## WHAT THE EXERCISE ASKS
Every line of the entries below from the one containing "w = (\<lambda>z." to the one containing "on basis elements", both ends included, must be written out exactly. No other line belongs in the answer.

Items listed in a dataset:
##############################
definition act :: "bas \<Rightarrow> vvec \<Rightarrow> vvec" where
  "act x w = (\<lambda>z. \<Sum>ab\<in>{ab. w ab \<noteq> 0}. w ab *
      (tens (br x (fst ab)) (vec (snd ab)) z
       + sgnc (par (fst x) * par (fst (fst ab))) * tens (vec (fst ab)) (br x (snd ab)) z))"

text \<open>Homogeneous derivation of parity e (e = 0 even, e = 1 odd), given by its values
  on basis elements (a linear map is determined by them).\<close>
definition homog_der :: "real set \<Rightarrow> real \<Rightarrow> nat \<Rightarrow> (bas \<Rightarrow> vvec) \<Rightarrow> bool" where
  "homog_der \<Gamma> s e d =
    ((\<forall>b. valid \<Gamma> s b \<longrightarrow> finite {w. d b w \<noteq> 0}
        \<and> (\<forall>a c. d b (a,c) \<noteq> 0 \<longrightarrow> valid \<Gamma> s a \<and> valid \<Gamma> s c
              \<and> (par (fst a) + par (fst c)) mod 2 = (par (fst b) + e) mod 2))
     \<and> (\<forall>x y. valid \<Gamma> s x \<longrightarrow> valid \<Gamma> s y \<longrightarrow>
          lin_ext d (br x y) =
            (\<lambda>z. sgnc (e * par (fst x)) * act x (d y) z
                 - sgnc (par (fst y) * (e + par (fst x))) * act y (d x) z)))"

definition Der0 :: "real set \<Rightarrow> real \<Rightarrow> (bas \<Rightarrow> vvec) set" where
  "Der0 \<Gamma> s = {d. (\<exists>d0 d1. homog_der \<Gamma> s 0 d0 \<and> homog_der \<Gamma> s 1 d1
        \<and> (\<forall>b. valid \<Gamma> s b \<longrightarrow> d b = (\<lambda>z. d0 b z + d1 b z)))
     \<and> (\<forall>b a c. valid \<Gamma> s b \<longrightarrow> d b (a,c) \<noteq> 0 \<longrightarrow> snd a + snd c = snd b)}"

end

theory Submission
  imports Defs
begin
##############################
## RESPONSE TO THE EXERCISE
  "act x w = (\<lambda>z. \<Sum>ab\<in>{ab. w ab \<noteq> 0}. w ab *
      (tens (br x (fst ab)) (vec (snd ab)) z
       + sgnc (par (fst x) * par (fst (fst ab))) * tens (vec (fst ab)) (br x (snd ab)) z))"

text \<open>Homogeneous derivation of parity e (e = 0 even, e = 1 odd), given by its values
  on basis elements (a linear map is determined by them).\<close>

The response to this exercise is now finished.